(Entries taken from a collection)
-*-

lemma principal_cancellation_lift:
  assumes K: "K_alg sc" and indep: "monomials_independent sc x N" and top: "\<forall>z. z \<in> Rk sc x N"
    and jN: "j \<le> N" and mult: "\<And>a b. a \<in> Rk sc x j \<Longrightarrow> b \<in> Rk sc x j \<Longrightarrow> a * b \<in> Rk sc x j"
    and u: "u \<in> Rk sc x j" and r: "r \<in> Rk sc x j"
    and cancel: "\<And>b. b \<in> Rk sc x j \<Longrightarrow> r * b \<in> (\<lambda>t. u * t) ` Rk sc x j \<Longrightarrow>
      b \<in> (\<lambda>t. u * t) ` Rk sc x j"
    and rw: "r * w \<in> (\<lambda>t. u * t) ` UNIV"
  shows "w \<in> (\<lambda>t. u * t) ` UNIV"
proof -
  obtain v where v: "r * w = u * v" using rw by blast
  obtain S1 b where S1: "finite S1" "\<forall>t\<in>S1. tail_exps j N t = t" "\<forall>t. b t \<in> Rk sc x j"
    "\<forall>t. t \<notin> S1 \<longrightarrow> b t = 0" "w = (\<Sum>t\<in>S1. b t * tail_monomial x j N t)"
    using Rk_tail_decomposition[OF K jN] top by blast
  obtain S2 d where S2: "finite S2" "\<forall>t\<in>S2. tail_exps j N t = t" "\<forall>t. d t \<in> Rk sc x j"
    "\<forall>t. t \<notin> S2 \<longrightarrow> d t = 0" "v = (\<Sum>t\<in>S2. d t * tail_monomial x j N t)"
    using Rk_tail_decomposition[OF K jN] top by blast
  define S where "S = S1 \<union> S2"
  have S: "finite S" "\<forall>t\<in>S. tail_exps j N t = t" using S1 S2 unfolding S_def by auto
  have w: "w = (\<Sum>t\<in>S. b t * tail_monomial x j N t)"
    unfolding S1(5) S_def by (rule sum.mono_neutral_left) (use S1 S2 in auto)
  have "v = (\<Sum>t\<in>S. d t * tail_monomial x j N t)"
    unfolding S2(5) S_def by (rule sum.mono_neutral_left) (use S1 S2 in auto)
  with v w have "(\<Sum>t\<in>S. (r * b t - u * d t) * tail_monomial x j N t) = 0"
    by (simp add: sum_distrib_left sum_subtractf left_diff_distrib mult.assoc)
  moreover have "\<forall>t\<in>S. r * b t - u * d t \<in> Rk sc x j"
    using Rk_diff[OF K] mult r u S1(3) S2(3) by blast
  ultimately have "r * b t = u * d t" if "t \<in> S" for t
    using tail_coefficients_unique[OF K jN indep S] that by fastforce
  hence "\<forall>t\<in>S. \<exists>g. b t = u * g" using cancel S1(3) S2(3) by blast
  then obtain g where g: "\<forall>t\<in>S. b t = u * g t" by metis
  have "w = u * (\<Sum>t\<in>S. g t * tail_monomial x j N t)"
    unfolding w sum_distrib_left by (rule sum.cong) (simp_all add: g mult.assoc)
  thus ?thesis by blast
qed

-*-

Problem =>
Quote the data above from the line containing "u * d t \<in>" to the line containing "using tail_coefficients_unique[OF K", inclusive, and stop.

Result of this task =>
  moreover have "\<forall>t\<in>S. r * b t - u * d t \<in> Rk sc x j"
    using Rk_diff[OF K] mult r u S1(3) S2(3) by blast
  ultimately have "r * b t = u * d t" if "t \<in> S" for t
    using tail_coefficients_unique[OF K jN indep S] that by fastforce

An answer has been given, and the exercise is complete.